╭──

(* Let $V$ be a nonempty set, $E\subset V\times V$, $W\subset V$. (a) If $W',W''\subset W$ are such that $W'$ is contained in one equivalence class and $W''$ in another, distinct, equivalence class of the partial equivalence relation $C_W$, then $\operatorname{cl}_W(W')\cap\operatorname{cl}_W(W'')=\emptyset$. (b) Conversely, if $W',W''\subset V$ satisfy $W'\cap W''=\emptyset$, $W'\cup W''=W$ and $\operatorname{cl}_W(W')\cap\operatorname{cl}_W(W'')=\emptyset$, then there do not exist $w'\in W'$ and $w''\in W''$ lying in the same equivalence class of $C_W$ (i.e. with $w'\,C_W\,w''$).
   Context: Relations on $V$: $x\,R\,y$ means $(x,y)\in R$; composition $RR'$: $x(RR')y$ iff there is $z$ with $xRz$ and $zR'y$; $R^{-1}$ is the converse; $R^0=\Delta$, $R^{n+1}=RR^n$, $R^+=\bigcup_{k\ge1}R^k$, $R^*=\bigcup_{k\ge0}R^k$. For $S\subset V$, $\Delta_S=\{(x,x):x\in S\}$, $\Delta=\Delta_V$. For any relation $F$, $\mathcal T_F=\{O\subset V: OF\subset O\}$ is a topology on $V$, where $OF=\{y:\exists o\in O,\ oFy\}$. With $W^c=V\setminus W$: $E_W=\Delta_{W^c}E$; $B_W=E(E_W)^*$; $B_W^-=(B_W)^{-1}=(E_W^{-1})^*E^{-1}$; $K_W=B_W^-\Delta_{W^c}B_W$; $C_W=(\Delta_WK_W\Delta_W)^+\cup\Delta_W$, a symmetric transitive relation (an equivalence relation on $W$). For $S\subset V$, $\operatorname{cl}_W(S)$ is the topological closure of $S$ in the topology $\mathcal T_{E_W}$. *)

theory Defs
  imports "HOL-Analysis.Analysis"
begin

text \<open>Relations on a carrier set V are sets of pairs. R^* relative to V is
  Delta_V union R^+ (so R^0 = Delta_V, not the identity on the whole type).\<close>

definition rstar :: "'a set \<Rightarrow> 'a rel \<Rightarrow> 'a rel" where
  "rstar V R = Id_on V \<union> R\<^sup>+"

definition EW :: "'a set \<Rightarrow> 'a rel \<Rightarrow> 'a set \<Rightarrow> 'a rel" where
  "EW V E W = Id_on (V - W) O E"

definition BW :: "'a set \<Rightarrow> 'a rel \<Rightarrow> 'a set \<Rightarrow> 'a rel" where
  "BW V E W = E O rstar V (EW V E W)"

definition BWm :: "'a set \<Rightarrow> 'a rel \<Rightarrow> 'a set \<Rightarrow> 'a rel" where
  "BWm V E W = converse (BW V E W)"

definition KW :: "'a set \<Rightarrow> 'a rel \<Rightarrow> 'a set \<Rightarrow> 'a rel" where
  "KW V E W = BWm V E W O Id_on (V - W) O BW V E W"

definition CW :: "'a set \<Rightarrow> 'a rel \<Rightarrow> 'a set \<Rightarrow> 'a rel" where
  "CW V E W = (Id_on W O KW V E W O Id_on W)\<^sup>+ \<union> Id_on W"

definition rel_topology :: "'a set \<Rightarrow> 'a rel \<Rightarrow> 'a topology" where
  "rel_topology V F = topology (\<lambda>U. U \<subseteq> V \<and> F `` U \<subseteq> U)"

definition clW :: "'a set \<Rightarrow> 'a rel \<Rightarrow> 'a set \<Rightarrow> 'a set \<Rightarrow> 'a set" where
  "clW V E W S = rel_topology V (EW V E W) closure_of S"

end

theory Submission
  imports Defs
begin

text \<open>The topology of a relation F is an Alexandrov topology: a set is closed iff it is
  closed under F-predecessors, so the closure of S is the set of points from which S is
  F-reachable. For F = E_W the points of W are sinks, and a nontrivial E_W-path is exactly a
  B_W-step out of a point of V - W. Hence the closures of two points s, t of W meet iff s = t
  or s K_W t, and the closures of two subsets of W meet iff those of some pair of their points
  do. This gives (a) at once; for (b) it shows that W' is closed under the generating relation
  of C_W, hence under C_W.\<close>

lemma openin_rel_topology:
  "openin (rel_topology V F) U \<longleftrightarrow> U \<subseteq> V \<and> F `` U \<subseteq> U"
proof -
  have "istopology (\<lambda>U. U \<subseteq> V \<and> F `` U \<subseteq> U)"
    unfolding istopology_def by blast
  then show ?thesis
    unfolding rel_topology_def by (simp add: topology_inverse')
qed

lemma topspace_rel_topology:
  assumes "F \<subseteq> V \<times> V"
  shows "topspace (rel_topology V F) = V"
  using assms unfolding topspace_def openin_rel_topology by blast

lemma closedin_rel_topology:
  assumes "F \<subseteq> V \<times> V"
  shows "closedin (rel_topology V F) C \<longleftrightarrow> C \<subseteq> V \<and> F\<inverse> `` C \<subseteq> C"
  using assms
  unfolding closedin_def topspace_rel_topology[OF assms] openin_rel_topology
  by blast

lemma closure_of_rel_topology:
  assumes "F \<subseteq> V \<times> V"
  shows "rel_topology V F closure_of S = {x \<in> V. \<exists>s\<in>S. (x, s) \<in> F\<^sup>*}"
    (is "?cl = ?P")
proof
  have "F\<inverse> `` ?P \<subseteq> ?P"
  proof
    fix x assume "x \<in> F\<inverse> `` ?P"
    then obtain y s where "(x, y) \<in> F" "s \<in> S" "(y, s) \<in> F\<^sup>*"
      by blast
    then show "x \<in> ?P"
      using assms by (blast intro: converse_rtrancl_into_rtrancl)
  qed
  then have "closedin (rel_topology V F) ?P"
    by (simp add: closedin_rel_topology[OF assms])
  moreover have "topspace (rel_topology V F) \<inter> S \<subseteq> ?P"
    by (auto simp: topspace_rel_topology[OF assms])
  ultimately show "?cl \<subseteq> ?P"
    by (subst closure_of_restrict) (rule closure_of_minimal)
next
  have "F\<inverse> `` ?cl \<subseteq> ?cl"
    using closedin_closure_of[of "rel_topology V F" S]
    unfolding closedin_rel_topology[OF assms] by (rule conjunct2)
  from Image_closed_trancl[OF this] have closed: "(F\<^sup>*)\<inverse> `` ?cl = ?cl"
    by (simp only: rtrancl_converse)
  show "?P \<subseteq> ?cl"
  proof
    fix x assume "x \<in> ?P"
    then obtain s where "x \<in> V" "s \<in> S" and xs: "(x, s) \<in> F\<^sup>*"
      by blast
    from xs have "s \<in> V"
      using \<open>x \<in> V\<close> assms by (cases rule: rtranclE) auto
    then have "s \<in> ?cl"
      using \<open>s \<in> S\<close> closure_of_subset_Int[of "rel_topology V F" S]
      by (auto simp: topspace_rel_topology[OF assms])
    with xs have "x \<in> (F\<^sup>*)\<inverse> `` ?cl"
      by blast
    then show "x \<in> ?cl"
      using closed by simp
  qed
qed

lemma EW_subset: "E \<subseteq> V \<times> V \<Longrightarrow> EW V E W \<subseteq> V \<times> V"
  unfolding EW_def by blast

lemma not_EW_from_W: "w \<in> W \<Longrightarrow> (w, x) \<notin> EW V E W"
  unfolding EW_def by blast

lemma rtrancl_EW_from_W: "w \<in> W \<Longrightarrow> (w, x) \<in> (EW V E W)\<^sup>* \<longleftrightarrow> x = w"
  by (auto elim: converse_rtranclE dest: not_EW_from_W)

lemma rstar_subset_rtrancl: "rstar V R \<subseteq> R\<^sup>*"
  unfolding rstar_def by (auto dest: trancl_into_rtrancl)

lemma trancl_EW_iff:
  assumes "E \<subseteq> V \<times> V"
  shows "(z, w) \<in> (EW V E W)\<^sup>+ \<longleftrightarrow> z \<in> V - W \<and> (z, w) \<in> BW V E W"
proof
  assume "(z, w) \<in> (EW V E W)\<^sup>+"
  then obtain a where za: "(z, a) \<in> EW V E W" and aw: "(a, w) \<in> (EW V E W)\<^sup>*"
    by (blast dest: tranclD)
  have "a \<in> V"
    using za EW_subset[OF assms] by blast
  with aw have "(a, w) \<in> rstar V (EW V E W)"
    unfolding rstar_def by (auto simp: rtrancl_eq_or_trancl)
  with za show "z \<in> V - W \<and> (z, w) \<in> BW V E W"
    unfolding BW_def EW_def by blast
next
  assume "z \<in> V - W \<and> (z, w) \<in> BW V E W"
  then obtain a where "(z, a) \<in> EW V E W" "(a, w) \<in> rstar V (EW V E W)"
    unfolding BW_def EW_def by blast
  then show "(z, w) \<in> (EW V E W)\<^sup>+"
    using rstar_subset_rtrancl by (blast intro: rtrancl_into_trancl2)
qed

lemma clW_eq:
  assumes "E \<subseteq> V \<times> V"
  shows "clW V E W S = {x \<in> V. \<exists>s\<in>S. (x, s) \<in> (EW V E W)\<^sup>*}"
  unfolding clW_def by (rule closure_of_rel_topology[OF EW_subset[OF assms]])

lemma clW_singletons_meet_iff:
  assumes "E \<subseteq> V \<times> V" "W \<subseteq> V" "s \<in> W" "t \<in> W"
  shows "clW V E W {s} \<inter> clW V E W {t} \<noteq> {} \<longleftrightarrow> s = t \<or> (s, t) \<in> KW V E W"
proof
  assume "clW V E W {s} \<inter> clW V E W {t} \<noteq> {}"
  then obtain z where zs: "(z, s) \<in> (EW V E W)\<^sup>*" and zt: "(z, t) \<in> (EW V E W)\<^sup>*"
    by (auto simp: clW_eq[OF assms(1)])
  show "s = t \<or> (s, t) \<in> KW V E W"
  proof (cases "z \<in> W")
    case True
    then show ?thesis
      using zs zt by (simp add: rtrancl_EW_from_W)
  next
    case False
    with zs zt assms(3,4) have "(z, s) \<in> (EW V E W)\<^sup>+" "(z, t) \<in> (EW V E W)\<^sup>+"
      by (auto simp: rtrancl_eq_or_trancl)
    then show ?thesis
      unfolding trancl_EW_iff[OF assms(1)] KW_def BWm_def by blast
  qed
next
  assume "s = t \<or> (s, t) \<in> KW V E W"
  then obtain z where "z \<in> V" "(z, s) \<in> (EW V E W)\<^sup>*" "(z, t) \<in> (EW V E W)\<^sup>*"
  proof
    assume "s = t"
    then show ?thesis
      using that assms(2,3) by blast
  next
    assume "(s, t) \<in> KW V E W"
    then obtain z where "z \<in> V - W" "(z, s) \<in> BW V E W" "(z, t) \<in> BW V E W"
      unfolding KW_def BWm_def by blast
    then have "(z, s) \<in> (EW V E W)\<^sup>+" "(z, t) \<in> (EW V E W)\<^sup>+"
      by (simp_all add: trancl_EW_iff[OF assms(1)])
    with \<open>z \<in> V - W\<close> show ?thesis
      by (intro that[of z]) (simp_all add: trancl_into_rtrancl)
  qed
  then show "clW V E W {s} \<inter> clW V E W {t} \<noteq> {}"
    by (auto simp: clW_eq[OF assms(1)])
qed

lemma clW_eq_UN_singletons:
  assumes "E \<subseteq> V \<times> V"
  shows "clW V E W S = (\<Union>s\<in>S. clW V E W {s})"
  by (auto simp: clW_eq[OF assms])

lemma clW_meet_iff:
  assumes "E \<subseteq> V \<times> V" "W \<subseteq> V" "S \<subseteq> W" "T \<subseteq> W"
  shows "clW V E W S \<inter> clW V E W T \<noteq> {} \<longleftrightarrow> (\<exists>s\<in>S. \<exists>t\<in>T. s = t \<or> (s, t) \<in> KW V E W)"
proof -
  have "clW V E W S \<inter> clW V E W T \<noteq> {}
      \<longleftrightarrow> (\<exists>s\<in>S. \<exists>t\<in>T. clW V E W {s} \<inter> clW V E W {t} \<noteq> {})"
    by (subst (1 2) clW_eq_UN_singletons[OF assms(1)]) blast
  also have "\<dots> \<longleftrightarrow> (\<exists>s\<in>S. \<exists>t\<in>T. s = t \<or> (s, t) \<in> KW V E W)"
    using clW_singletons_meet_iff[OF assms(1,2)] assms(3,4) by (meson subsetD)
  finally show ?thesis .
qed

lemma equiv_CW: "equiv W (CW V E W)"
proof (rule equivI)
  let ?R = "Id_on W O KW V E W O Id_on W"
  have "sym ?R"
    unfolding sym_def KW_def BWm_def by blast
  then show "sym (CW V E W)"
    unfolding CW_def by (simp add: sym_Un sym_trancl sym_Id_on)
  show "trans (CW V E W)"
    using trans_trancl[of ?R] unfolding CW_def trans_def by blast
  have "?R\<^sup>+ \<subseteq> W \<times> W"
    by (rule trancl_subset_Sigma) blast
  then show "CW V E W \<subseteq> W \<times> W" "refl_on W (CW V E W)"
    unfolding CW_def refl_on_def by blast+
qed

lemma CW_if_clW_meet:
  assumes "E \<subseteq> V \<times> V" "W \<subseteq> V" "S \<subseteq> W" "T \<subseteq> W"
    and "clW V E W S \<inter> clW V E W T \<noteq> {}"
  obtains s t where "s \<in> S" "t \<in> T" "(s, t) \<in> CW V E W"
proof -
  obtain s t where "s \<in> S" "t \<in> T" "s = t \<or> (s, t) \<in> KW V E W"
    using assms(5) clW_meet_iff[OF assms(1-4)] by blast
  moreover from this have "s \<in> W" "t \<in> W"
    using assms(3,4) by blast+
  ultimately show ?thesis
    by (intro that[of s t]) (unfold CW_def, blast+)
qed

lemma CW_Image_subset:
  assumes "E \<subseteq> V \<times> V" "W \<subseteq> V" "S \<subseteq> W"
    and "clW V E W S \<inter> clW V E W (W - S) = {}"
  shows "CW V E W `` S \<subseteq> S"
proof -
  let ?R = "Id_on W O KW V E W O Id_on W"
  have "?R `` S \<subseteq> S"
    using assms clW_meet_iff[OF assms(1,2,3), of "W - S"] by blast
  then have "?R\<^sup>* `` S = S"
    by (rule Image_closed_trancl)
  moreover have "?R\<^sup>+ `` S \<subseteq> ?R\<^sup>* `` S"
    by (rule Image_mono) (auto dest: trancl_into_rtrancl)
  ultimately have "?R\<^sup>+ `` S \<subseteq> S"
    by simp
  then show ?thesis
    unfolding CW_def by blast
qed

theorem lemma2:
  fixes V :: "'a set" and E :: "'a rel" and W :: "'a set"
  assumes "V \<noteq> {}" and "E \<subseteq> V \<times> V" and "W \<subseteq> V"
  shows "(\<forall>W' W''. W' \<subseteq> W \<and> W'' \<subseteq> W \<and>
            (\<exists>X \<in> W // CW V E W. \<exists>Y \<in> W // CW V E W. X \<noteq> Y \<and> W' \<subseteq> X \<and> W'' \<subseteq> Y)
            \<longrightarrow> clW V E W W' \<inter> clW V E W W'' = {})
       \<and> (\<forall>W' W''. W' \<subseteq> V \<and> W'' \<subseteq> V \<and> W' \<inter> W'' = {} \<and> W' \<union> W'' = W \<and>
            clW V E W W' \<inter> clW V E W W'' = {}
            \<longrightarrow> \<not> (\<exists>w' \<in> W'. \<exists>w'' \<in> W''. (w', w'') \<in> CW V E W))"
proof (intro conjI allI impI; elim conjE)
  fix W' W'' assume "W' \<subseteq> W" "W'' \<subseteq> W"
    and "\<exists>X \<in> W // CW V E W. \<exists>Y \<in> W // CW V E W. X \<noteq> Y \<and> W' \<subseteq> X \<and> W'' \<subseteq> Y"
  then obtain X Y where XY: "X \<in> W // CW V E W" "Y \<in> W // CW V E W" "X \<noteq> Y"
    and "W' \<subseteq> X" "W'' \<subseteq> Y"
    by blast
  show "clW V E W W' \<inter> clW V E W W'' = {}"
  proof (rule ccontr)
    assume "clW V E W W' \<inter> clW V E W W'' \<noteq> {}"
    then obtain s t where "s \<in> W'" "t \<in> W''" "(s, t) \<in> CW V E W"
      by (rule CW_if_clW_meet[OF assms(2,3) \<open>W' \<subseteq> W\<close> \<open>W'' \<subseteq> W\<close>])
    then have "X = Y"
      using quotient_eq_iff[OF equiv_CW XY(1,2), of s t] \<open>W' \<subseteq> X\<close> \<open>W'' \<subseteq> Y\<close> by blast
    with \<open>X \<noteq> Y\<close> show False ..
  qed
next
  fix W' W'' assume "W' \<inter> W'' = {}" "W' \<union> W'' = W"
    and "clW V E W W' \<inter> clW V E W W'' = {}"
  then have "W'' = W - W'" "W' \<subseteq> W"
    by blast+
  with \<open>clW V E W W' \<inter> clW V E W W'' = {}\<close> have "CW V E W `` W' \<subseteq> W'"
    using CW_Image_subset[OF assms(2,3)] by simp
  then show "\<not> (\<exists>w' \<in> W'. \<exists>w'' \<in> W''. (w', w'') \<in> CW V E W)"
    using \<open>W' \<inter> W'' = {}\<close> by blast
qed

end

╰──

**ABOUT THIS TASK:** Lines from the entries that contain the string "under" must be found and copied.

**OUTPUT OF THE EXERCISE:**
  closed under F-predecessors, so the closure of S is the set of points from which S is
  do. This gives (a) at once; for (b) it shows that W' is closed under the generating relation
  of C_W, hence under C_W.\<close>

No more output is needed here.